* **Task details**: Lines from the top of the entries through the line that has "n \<Longrightarrow> l" must be duplicated exactly, and no others.
○ ○ ○ ○ ○ ○ ○
lemma norm_signed_weighted_sum_le:
  fixes G :: "nat \<Rightarrow> 'a::real_normed_vector"
  assumes "\<And>k. k < n \<Longrightarrow> \<bar>y k\<bar> = 1" and "\<And>k. k < n \<Longrightarrow> 0 \<le> g k"
    and "\<And>k. k < n \<Longrightarrow> norm (G k) \<le> B"
  shows "norm (\<Sum>k<n. (g k * y k) *\<^sub>R G k) \<le> (\<Sum>k<n. g k) * B"
proof -
  have "norm (\<Sum>k<n. (g k * y k) *\<^sub>R G k) \<le> (\<Sum>k<n. norm ((g k * y k) *\<^sub>R G k))"
    by (rule norm_sum)
  also have "\<dots> = (\<Sum>k<n. g k * norm (G k))"
    using assms(1,2) by (intro sum.cong) (auto simp: abs_mult)
  also have "\<dots> \<le> (\<Sum>k<n. g k * B)"
    using assms(2,3) by (intro sum_mono mult_left_mono) auto
  finally show ?thesis by (simp add: sum_distrib_right)
qed

lemma signed_weighted_sum_inner_diag:
  fixes G :: "nat \<Rightarrow> 'a::real_inner"
  assumes k: "k < n" and y: "\<And>l. l < n \<Longrightarrow> \<bar>y l\<bar> = 1" and g: "\<And>l. l < n \<Longrightarrow> 0 \<le> g l"
    and "0 \<le> \<epsilon>" and off_diag: "\<And>l. l < n \<Longrightarrow> l \<noteq> k \<Longrightarrow> \<bar>G l \<bullet> G k\<bar> \<le> \<epsilon>"
  shows "\<bar>y k * ((\<Sum>l<n. (g l * y l) *\<^sub>R G l) \<bullet> G k) - g k * (norm (G k))\<^sup>2\<bar> \<le> \<epsilon> * (\<Sum>l<n. g l)"
proof -
  have "y k * y k = 1" using y[OF k] by (metis abs_mult_self_eq mult_1_right)
  then have "y k * ((\<Sum>l<n. (g l * y l) *\<^sub>R G l) \<bullet> G k) - g k * (norm (G k))\<^sup>2
      = (\<Sum>l\<in>{..<n} - {k}. g l * y l * y k * (G l \<bullet> G k))"
    using k
    by (simp add: inner_sum_left sum_distrib_left sum.remove power2_norm_eq_inner algebra_simps)
  also have "\<bar>\<dots>\<bar> \<le> (\<Sum>l\<in>{..<n} - {k}. g l * \<epsilon>)"
    using y[OF k] y g off_diag
    by (intro sum_abs[THEN order_trans] sum_mono) (auto simp: abs_mult intro: mult_left_mono)
  also have "\<dots> \<le> (\<Sum>l<n. g l * \<epsilon>)"
    using g \<open>0 \<le> \<epsilon>\<close> by (intro sum_mono2) auto
  finally show ?thesis by (simp add: sum_distrib_left mult.commute)
qed

definition net_grad :: "(real \<Rightarrow> real) \<Rightarrow> real^'m \<Rightarrow> real^'d^'m \<Rightarrow> real^'d \<Rightarrow> real^'d^'m" where
  "net_grad \<phi>' a W x = (\<chi> j. (a $ j * \<phi>' (W $ j \<bullet> x)) *\<^sub>R x)"

lemma inner_net_grad:
  "D \<bullet> net_grad \<phi>' a W x = (\<Sum>j\<in>UNIV. a $ j * \<phi>' (W $ j \<bullet> x) * (D $ j \<bullet> x))"
  unfolding net_grad_def by (subst inner_vec_def) (simp add: inner_scaleR_right mult.commute)

lemma net_has_gderiv:
  fixes W :: "real^'d^'m"
  assumes "\<And>u. (\<phi> has_real_derivative \<phi>' u) (at u)"
  shows "GDERIV (\<lambda>V. net \<phi> a V x) W :> net_grad \<phi>' a W x"
proof -
  have row: "((\<lambda>V::real^'d^'m. V $ j \<bullet> x) has_derivative (\<lambda>D. D $ j \<bullet> x)) (at W)" for j
    by (intro bounded_linear_imp_has_derivative
        bounded_linear_compose[OF bounded_linear_inner_left bounded_linear_vec_nth])
  have "((\<lambda>V. \<Sum>j\<in>UNIV. a $ j * \<phi> (V $ j \<bullet> x)) has_derivative
      (\<lambda>D. \<Sum>j\<in>UNIV. a $ j * ((D $ j \<bullet> x) * \<phi>' (W $ j \<bullet> x)))) (at W)"
    by (intro has_derivative_sum has_derivative_mult_right DERIV_compose_FDERIV[OF assms row])
  then show ?thesis
    unfolding gderiv_def net_def[abs_def] inner_net_grad by (simp add: mult_ac)
qed

lemma norm_net_grad_le:
  assumes "\<And>u. \<bar>\<phi>' u\<bar> \<le> 1"
  shows "norm (net_grad \<phi>' a W x) \<le> norm a * norm x"
proof -
  have "(norm (net_grad \<phi>' a W x))\<^sup>2 = (\<Sum>j\<in>UNIV. (a $ j)\<^sup>2 * (\<phi>' (W $ j \<bullet> x))\<^sup>2 * (norm x)\<^sup>2)"
    by (simp add: net_grad_def power2_norm_vec power_mult_distrib)
  also have "\<dots> \<le> (\<Sum>j\<in>UNIV. (a $ j)\<^sup>2 * (norm x)\<^sup>2)"
    using assms by (intro sum_mono mult_right_mono mult_left_le)
      (auto simp: abs_le_square_iff[of _ 1, simplified])
  also have "\<dots> = (norm a * norm x)\<^sup>2"
    by (simp add: power2_norm_vec[of a] power_mult_distrib sum_distrib_right)
  finally show ?thesis by (simp add: power2_le_iff_abs_le)
qed

lemma norm_gderiv_net_le:
  assumes "GDERIV (\<lambda>V. net \<phi> a V x) W :> G"
    and "\<And>u. (\<phi> has_real_derivative \<phi>' u) (at u)" and "\<And>u. \<bar>\<phi>' u\<bar> \<le> 1"
  shows "norm G \<le> norm a * norm x"
  using GDERIV_unique[OF assms(1) net_has_gderiv[OF assms(2)]] norm_net_grad_le[OF assms(3)] by simp
(* Let $\mathbf A\in\mathbb C^{n\times n}$ with $\operatorname{Ind}\mathbf A=k$ and $\operatorname{rank}\mathbf A^{k+1}=\operatorname{rank}\mathbf A^{k}=r$, and let $\mathbf y\in\mathbb C^{n}$. Then the unique minimal $\mathbf P$-norm least squares solution $\hat{\mathbf x}=(\hat x_1,\dots,\hat x_n)^{T}$ of $\mathbf A\mathbf x=\mathbf y$ is given by \[ \hat x_i=\frac{\sum_{\beta\in J_{r,n}\{i\}}\left|\left(\mathbf A^{k+1}_{.i}(\mathbf f)\right)^{\beta}_{\beta}\right|}{\sum_{\beta\in J_{r,n}}\left|(\mathbf A^{k+1})^{\beta}_{\beta}\right|},\qquad i=1,\dots,n, \] where $\mathbf f=\mathbf A^{k}\mathbf y$.
   Context: $\operatorname{Ind}\mathbf A$ is the smallest nonnegative $k$ with $\operatorname{rank}\mathbf A^{k+1}=\operatorname{rank}\mathbf A^{k}$. Write $\mathbf A=\mathbf P\begin{pmatrix}\mathbf C&\mathbf 0\\ \mathbf 0&\mathbf N\end{pmatrix}\mathbf P^{-1}$ with $\mathbf C$ nonsingular and $\mathbf N$ nilpotent (Jordan canonical form); the $\mathbf P$-norm is $\|\mathbf x\|_{\mathbf P}=\|\mathbf P^{-1}\mathbf x\|$. It is known that the unique minimal $\mathbf P$-norm least squares solution of $\mathbf A\mathbf x=\mathbf y$ is $\mathbf A^{D}\mathbf y$, where $\mathbf A^{D}$ is the Drazin inverse (the unique $\mathbf X$ with $\mathbf A^{k+1}\mathbf X=\mathbf A^{k}$, $\mathbf X\mathbf A\mathbf X=\mathbf X$, $\mathbf A\mathbf X=\mathbf X\mathbf A$). $\mathbf M_{.i}(\mathbf c)$ denotes $\mathbf M$ with its $i$-th column replaced by $\mathbf c$. $J_{r,n}$ is the set of strictly increasing sequences of $r$ elements of $\{1,\dots,n\}$, $J_{r,n}\{i\}=\{\beta\in J_{r,n}:i\in\beta\}$, $\mathbf M^{\beta}_{\beta}$ is the principal submatrix indexed by $\beta$, $|\cdot|$ is the determinant. *)

theory Defs
  imports "Jordan_Normal_Form.DL_Rank_Submatrix"
begin

definition mrank :: "complex mat \<Rightarrow> nat" where
  "mrank A = vec_space.rank (dim_row A) A"

definition mat_ind :: "complex mat \<Rightarrow> nat" where
  "mat_ind A = (LEAST k. mrank (A ^\<^sub>m (k+1)) = mrank (A ^\<^sub>m k))"

definition is_drazin_inverse :: "nat \<Rightarrow> complex mat \<Rightarrow> complex mat \<Rightarrow> bool" where
  "is_drazin_inverse n A X \<longleftrightarrow> X \<in> carrier_mat n n \<and>
     A ^\<^sub>m (mat_ind A + 1) * X = A ^\<^sub>m (mat_ind A) \<and> X * A * X = X \<and> A * X = X * A"

definition replace_col :: "'a mat \<Rightarrow> nat \<Rightarrow> 'a vec \<Rightarrow> 'a mat" where
  "replace_col M i c = mat (dim_row M) (dim_col M) (\<lambda>(a,b). if b = i then c $ a else M $$ (a,b))"

text \<open>J_{r,n}: r-element subsets of {0..<n} (strictly increasing index sequences).\<close>
definition Jrn :: "nat \<Rightarrow> nat \<Rightarrow> nat set set" where
  "Jrn r n = {\<beta>. \<beta> \<subseteq> {0..<n} \<and> card \<beta> = r}"

end

theory Submission
  imports Defs
begin

text \<open>
  Let \<open>B = A\<^sup>k\<^sup>+\<^sup>1\<close> and factor \<open>B = U V\<close> with \<open>U\<close> an \<open>n \<times> r\<close> matrix of full column rank whose
  columns lie in the range of \<open>B\<close>. The Drazin equations give \<open>X = B X\<^sup>k\<^sup>+\<^sup>2\<close> and
  \<open>B = X\<^sup>k\<^sup>+\<^sup>1 B\<^sup>2\<close>: the solution \<open>X y\<close> lies in the range of \<open>U\<close>, and \<open>ker B\<^sup>2 = ker B\<close>,
  which makes the \<open>r \<times> r\<close> core \<open>C = V U\<close> invertible.

  The sum of the principal \<open>r\<close>-minors of \<open>U M\<close> equals \<open>det (M U)\<close>, by comparing coefficients in
  Sylvester's identity \<open>x\<^sup>r det (x I\<^sub>n + U M) = x\<^sup>n det (x I\<^sub>r + M U)\<close>; so the denominator is
  \<open>det C\<close>. Replacing column \<open>i\<close> of \<open>B\<close> by \<open>B x\<close> multiplies \<open>B\<close> on the right by the rank-one
  perturbation \<open>I + (x - e\<^sub>i) e\<^sub>i\<^sup>T\<close> of the identity. The principal minors through \<open>i\<close> are the
  difference between the minor sums for the columns \<open>B x\<close> and \<open>0\<close>, and the matrix determinant
  lemma turns this difference into \<open>det C \<cdot> x\<^sub>i\<close>.
\<close>

section \<open>Principal minors\<close>

lemma bij_betw_pick:
  assumes "finite S"
  shows "bij_betw (pick S) {0..<card S} S"
proof -
  have inj: "inj_on (pick S) {0..<card S}"
    unfolding inj_on_def by (metis atLeastLessThan_iff linorder_neqE_nat pick_mono less_irrefl)
  have sub: "pick S ` {0..<card S} \<subseteq> S"
    using pick_in_set by auto
  have "card (pick S ` {0..<card S}) = card S"
    using card_image[OF inj] by simp
  then have "pick S ` {0..<card S} = S"
    using card_subset_eq[OF assms sub] by simp
  then show ?thesis
    using inj by (simp add: bij_betw_def)
qed

lemma submatrix_principal_carrier:
  assumes "M \<in> carrier_mat n n" and "S \<subseteq> {0..<n}"
  shows "submatrix M S S \<in> carrier_mat (card S) (card S)"
proof -
  have "{i. i < dim_row M \<and> i \<in> S} = S" "{i. i < dim_col M \<and> i \<in> S} = S"
    using assms by auto
  then show ?thesis
    by (intro carrier_matI) (simp_all only: dim_submatrix)
qed

lemma det_principal_submatrix:
  fixes M :: "'a :: comm_ring_1 mat"
  assumes M: "M \<in> carrier_mat n n" and S: "S \<subseteq> {0..<n}"
  shows "det (submatrix M S S) = (\<Sum>p | p permutes S. signof p * (\<Prod>i\<in>S. M $$ (i, p i)))"
proof -
  let ?m = "card S"
  have bij: "bij_betw (pick S) {0..<?m} S"
    using S finite_subset by (blast intro: bij_betw_pick)
  then have inj: "inj_on (pick S) {0..<?m}"
    by (rule bij_betw_imp_inj_on)
  have rows: "{i. i < dim_row M \<and> i \<in> S} = S" "{i. i < dim_col M \<and> i \<in> S} = S"
    using M S by auto
  have entry: "submatrix M S S $$ (a, b) = M $$ (pick S a, pick S b)" if "a < ?m" "b < ?m" for a b
    by (rule submatrix_index) (simp_all only: rows that)
  define lift where
    "lift \<pi> x = (if x \<in> S then pick S (\<pi> (inv_into {0..<?m} (pick S) x)) else x)" for \<pi> x
  have lift_bij: "bij_betw lift {q. q permutes {0..<?m}} {p. p permutes S}"
    unfolding lift_def by (rule bij_betw_permutations[OF bij])
  have lift_map: "lift q = map_permutation {0..<?m} (pick S) q" for q
    unfolding lift_def map_permutation_def restrict_id_def
    using bij_betw_imp_surj_on[OF bij] by auto
  have lift_pick: "lift q (pick S a) = pick S (q a)" if "a < ?m" for q a
    unfolding lift_map using map_permutation_apply[OF inj] that by simp
  have "det (submatrix M S S)
      = (\<Sum>q | q permutes {0..<?m}. signof q * (\<Prod>a\<in>{0..<?m}. M $$ (pick S a, pick S (q a))))"
    unfolding det_def'[OF submatrix_principal_carrier[OF M S]]
  proof (rule sum.cong[OF refl])
    fix q assume "q \<in> {q. q permutes {0..<?m}}"
    then have "q a < ?m" if "a < ?m" for a
      using that permutes_in_image by fastforce
    then show "signof q * (\<Prod>a = 0..<?m. submatrix M S S $$ (a, q a))
        = signof q * (\<Prod>a\<in>{0..<?m}. M $$ (pick S a, pick S (q a)))"
      by (simp add: entry)
  qed
  also have "\<dots> = (\<Sum>q | q permutes {0..<?m}. signof (lift q) * (\<Prod>i\<in>S. M $$ (i, lift q i)))"
  proof (rule sum.cong[OF refl])
    fix q assume "q \<in> {q. q permutes {0..<?m}}"
    then have q: "q permutes {0..<?m}" by simp
    have "(\<Prod>i\<in>S. M $$ (i, lift q i)) = (\<Prod>a\<in>{0..<?m}. M $$ (pick S a, lift q (pick S a)))"
      using prod.reindex_bij_betw[OF bij, symmetric] by blast
    also have "\<dots> = (\<Prod>a\<in>{0..<?m}. M $$ (pick S a, pick S (q a)))"
      using lift_pick by simp
    finally show "signof q * (\<Prod>a\<in>{0..<?m}. M $$ (pick S a, pick S (q a)))
        = signof (lift q) * (\<Prod>i\<in>S. M $$ (i, lift q i))"
      unfolding lift_map sign_map_permutation[OF inj q finite_atLeastLessThan] by simp
  qed
  also have "\<dots> = (\<Sum>p | p permutes S. signof p * (\<Prod>i\<in>S. M $$ (i, p i)))"
    by (rule sum.reindex_bij_betw[OF lift_bij])
  finally show ?thesis .
qed

lemma permutes_fixing_complement:
  assumes "X \<subseteq> A"
  shows "{p. p permutes A \<and> (\<forall>i\<in>A - X. p i = i)} = {p. p permutes X}"
proof (intro equalityI subsetI)
  fix p assume "p \<in> {p. p permutes A \<and> (\<forall>i\<in>A - X. p i = i)}"
  then have p: "p permutes A" "\<forall>i\<in>A - X. p i = i" by auto
  have "\<forall>x. x \<notin> X \<longrightarrow> p x = x"
    using p permutes_not_in by (metis Diff_iff)
  moreover have "\<forall>y. \<exists>!x. p x = y"
    using p(1) unfolding permutes_def by blast
  ultimately show "p \<in> {p. p permutes X}"
    unfolding permutes_def by blast
next
  fix p assume "p \<in> {p. p permutes X}"
  then show "p \<in> {p. p permutes A \<and> (\<forall>i\<in>A - X. p i = i)}"
    using permutes_subset[OF _ assms] permutes_not_in by auto
qed

lemma prod_if_fixed:
  fixes x :: "'a :: comm_ring_1"
  assumes "finite B"
  shows "(\<Prod>i\<in>B. if p i = i then x else 0) = (if \<forall>i\<in>B. p i = i then x ^ card B else 0)"
  using assms by (induction B rule: finite_induct) auto

lemma det_smult_one_add_principal_minors:
  fixes M :: "'a :: comm_ring_1 mat"
  assumes M: "M \<in> carrier_mat n n"
  shows "det (x \<cdot>\<^sub>m 1\<^sub>m n + M) = (\<Sum>S\<in>Pow {0..<n}. x ^ (n - card S) * det (submatrix M S S))"
proof -
  let ?A = "{0..<n}" and ?P = "{p. p permutes {0..<n}}"
  let ?term = "\<lambda>X p. signof p * ((\<Prod>i\<in>X. M $$ (i, p i)) *
       (if \<forall>i\<in>?A - X. p i = i then x ^ card (?A - X) else 0))"
  have entry: "(x \<cdot>\<^sub>m 1\<^sub>m n + M) $$ (i, p i) = M $$ (i, p i) + (if p i = i then x else 0)"
    if "p permutes ?A" "i \<in> ?A" for p i
    using M that permutes_in_image[OF that(1)] by (auto simp: add.commute)
  have "det (x \<cdot>\<^sub>m 1\<^sub>m n + M)
      = (\<Sum>p\<in>?P. signof p * (\<Prod>i\<in>?A. M $$ (i, p i) + (if p i = i then x else 0)))"
    unfolding det_def'[OF add_carrier_mat[OF M]]
    by (intro sum.cong refl) (simp add: entry)
  also have "\<dots> = (\<Sum>p\<in>?P. \<Sum>X\<in>Pow ?A. ?term X p)"
    by (simp add: prod_add prod_if_fixed sum_distrib_left)
  also have "\<dots> = (\<Sum>X\<in>Pow ?A. \<Sum>p\<in>?P. ?term X p)"
    by (rule sum.swap)
  also have "\<dots> = (\<Sum>X\<in>Pow ?A. x ^ (n - card X) * det (submatrix M X X))"
  proof (rule sum.cong[OF refl])
    fix X assume "X \<in> Pow ?A"
    then have X: "X \<subseteq> ?A" by simp
    have fin: "finite ?P"
      by (rule finite_permutations) simp
    have card: "card (?A - X) = n - card X"
      using X by (simp add: card_Diff_subset finite_subset)
    have "(\<Sum>p\<in>?P. ?term X p)
      = (\<Sum>p\<in>?P. if \<forall>i\<in>?A - X. p i = i
                  then x ^ (n - card X) * (signof p * (\<Prod>i\<in>X. M $$ (i, p i))) else 0)"
      by (intro sum.cong) (auto simp: card)
    also have "\<dots> = (\<Sum>p\<in>{p\<in>?P. \<forall>i\<in>?A - X. p i = i}. x ^ (n - card X) * (signof p * (\<Prod>i\<in>X. M $$ (i, p i))))"
      by (rule sum.inter_filter[OF fin, symmetric])
    also have "{p\<in>?P. \<forall>i\<in>?A - X. p i = i} = {p. p permutes X}"
      using permutes_fixing_complement[OF X] by simp
    also have "(\<Sum>p | p permutes X. x ^ (n - card X) * (signof p * (\<Prod>i\<in>X. M $$ (i, p i))))
       = x ^ (n - card X) * det (submatrix M X X)"
      unfolding det_principal_submatrix[OF M X] by (simp add: sum_distrib_left)
    finally show "(\<Sum>p\<in>?P. ?term X p) = x ^ (n - card X) * det (submatrix M X X)" .
  qed
  finally show ?thesis .
qed
(* Let $\mathbb A\in\mathcal K$ and let $S$ be a tolerance of $\mathbb A$ (a reflexive, symmetric, compatible binary relation). Suppose $d_0,d_1,\dots,d_k\in\mathbb A$ satisfy $(d_j,d_{j+1})\in S$ for all $j\in\{0,\dots,k-1\}$. If for some $i\in\{0,\dots,k\}$ there is $d'_i\in\mathbb A$ with $d_i\sqsubseteq d'_i$, then there are $d'_j\in\mathbb A$ for $j\in\{0,\dots,k\}\setminus\{i\}$ such that $d_j\sqsubseteq d'_j$ for all $j\in\{0,\dots,k\}$ and $(d'_j,d'_{j+1})\in S$ for all $j\in\{0,\dots,k-1\}$. Moreover, if $d_0,\dots,d_{i-1}$ are maximal elements of $\mathbb A$, then there are $d''_0,\dots,d''_k$ such that $d''_j=d_j$ for $j\in\{0,\dots,i-1\}$, $d_i\sqsubseteq d'_i\sqsubseteq d''_i$, $d_j\sqsubseteq d''_j$ for $j\in\{i+1,\dots,k\}$, and $(d''_j,d''_{j+1})\in S$ for all $j\in\{0,\dots,k-1\}$.
   Context: All algebras are finite and idempotent. Edges: for elements $a,b$ of an algebra $\mathbb A$ let $\mathbb B=\mathrm{Sg}(a,b)$ (the generated subalgebra). The pair $ab$ is an edge if there is a maximal congruence $\theta$ of $\mathbb B$ such that either $\mathbb B/\theta$ is a set (unary type), or $\mathbb B/\theta$ is term equivalent to the full idempotent reduct of a module and some term operation $f$ induces on $\mathbb B/\theta$ the affine operation $x-y+z$ (affine type), or some term operation $f$ with $f/\theta$ a semilattice operation on $\{a/\theta,b/\theta\}$, or one with $f/\theta$ a majority operation on $\{a/\theta,b/\theta\}$. Semilattice type: the semilattice option holds for some $\theta$; majority type: not semilattice type and the majority option holds for some $\theta$; $\{a/\theta,b/\theta\}$ is a thick edge. $\mathbb A$ is smooth if for every edge $ab$ of semilattice or majority type with witness $\theta$, $a/\theta\cup b/\theta$ is a subalgebra. Standing assumption: $\mathcal K$ is a fixed finite class of similar smooth idempotent algebras, closed under subalgebras and homomorphic images, with no edges of unary type. Fixed binary term $\cdot$: semilattice operation on every thick semilattice edge of every algebra in $\mathcal K$, and for all $a,b$ either $a\cdot b=a$ or $(a,a\cdot b)$ is a thin semilattice edge. A thin semilattice edge is a pair $ab$ with $a\cdot b=b\cdot a=b$, written $a\le b$. An s-path is a sequence $a_0\le a_1\le\dots\le a_k$; $a\sqsubseteq b$ means there is an s-path from $a$ to $b$ in $\mathbb A$. $a$ is maximal if $a\sqsubseteq b$ implies $b\sqsubseteq a$. *)

theory Defs
  imports Main
begin

text \<open>
  A finite idempotent algebra is given by a carrier A and a set F of basic operations,
  each paired with its arity.  Operations act on argument lists.
\<close>

type_synonym 'a operation = "nat \<times> ('a list \<Rightarrow> 'a)"

definition closed_under :: "'a set \<Rightarrow> 'a operation set \<Rightarrow> 'a set \<Rightarrow> bool" where
  "closed_under A F B \<longleftrightarrow> B \<subseteq> A \<and>
     (\<forall>(m, g) \<in> F. \<forall>xs. length xs = m \<and> set xs \<subseteq> B \<longrightarrow> g xs \<in> B)"

definition fin_idem_algebra :: "'a set \<Rightarrow> 'a operation set \<Rightarrow> bool" where
  "fin_idem_algebra A F \<longleftrightarrow> A \<noteq> {} \<and> finite A \<and> closed_under A F A \<and>
     (\<forall>(m, g) \<in> F. \<forall>x \<in> A. g (replicate m x) = x)"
○ ○ ○ ○ ○ ○ ○
* **Solved exercise**:
lemma norm_signed_weighted_sum_le:
  fixes G :: "nat \<Rightarrow> 'a::real_normed_vector"
  assumes "\<And>k. k < n \<Longrightarrow> \<bar>y k\<bar> = 1" and "\<And>k. k < n \<Longrightarrow> 0 \<le> g k"
    and "\<And>k. k < n \<Longrightarrow> norm (G k) \<le> B"
  shows "norm (\<Sum>k<n. (g k * y k) *\<^sub>R G k) \<le> (\<Sum>k<n. g k) * B"
proof -
  have "norm (\<Sum>k<n. (g k * y k) *\<^sub>R G k) \<le> (\<Sum>k<n. norm ((g k * y k) *\<^sub>R G k))"
    by (rule norm_sum)
  also have "\<dots> = (\<Sum>k<n. g k * norm (G k))"
    using assms(1,2) by (intro sum.cong) (auto simp: abs_mult)
  also have "\<dots> \<le> (\<Sum>k<n. g k * B)"
    using assms(2,3) by (intro sum_mono mult_left_mono) auto
  finally show ?thesis by (simp add: sum_distrib_right)
qed

lemma signed_weighted_sum_inner_diag:
  fixes G :: "nat \<Rightarrow> 'a::real_inner"
  assumes k: "k < n" and y: "\<And>l. l < n \<Longrightarrow> \<bar>y l\<bar> = 1" and g: "\<And>l. l < n \<Longrightarrow> 0 \<le> g l"
    and "0 \<le> \<epsilon>" and off_diag: "\<And>l. l < n \<Longrightarrow> l \<noteq> k \<Longrightarrow> \<bar>G l \<bullet> G k\<bar> \<le> \<epsilon>"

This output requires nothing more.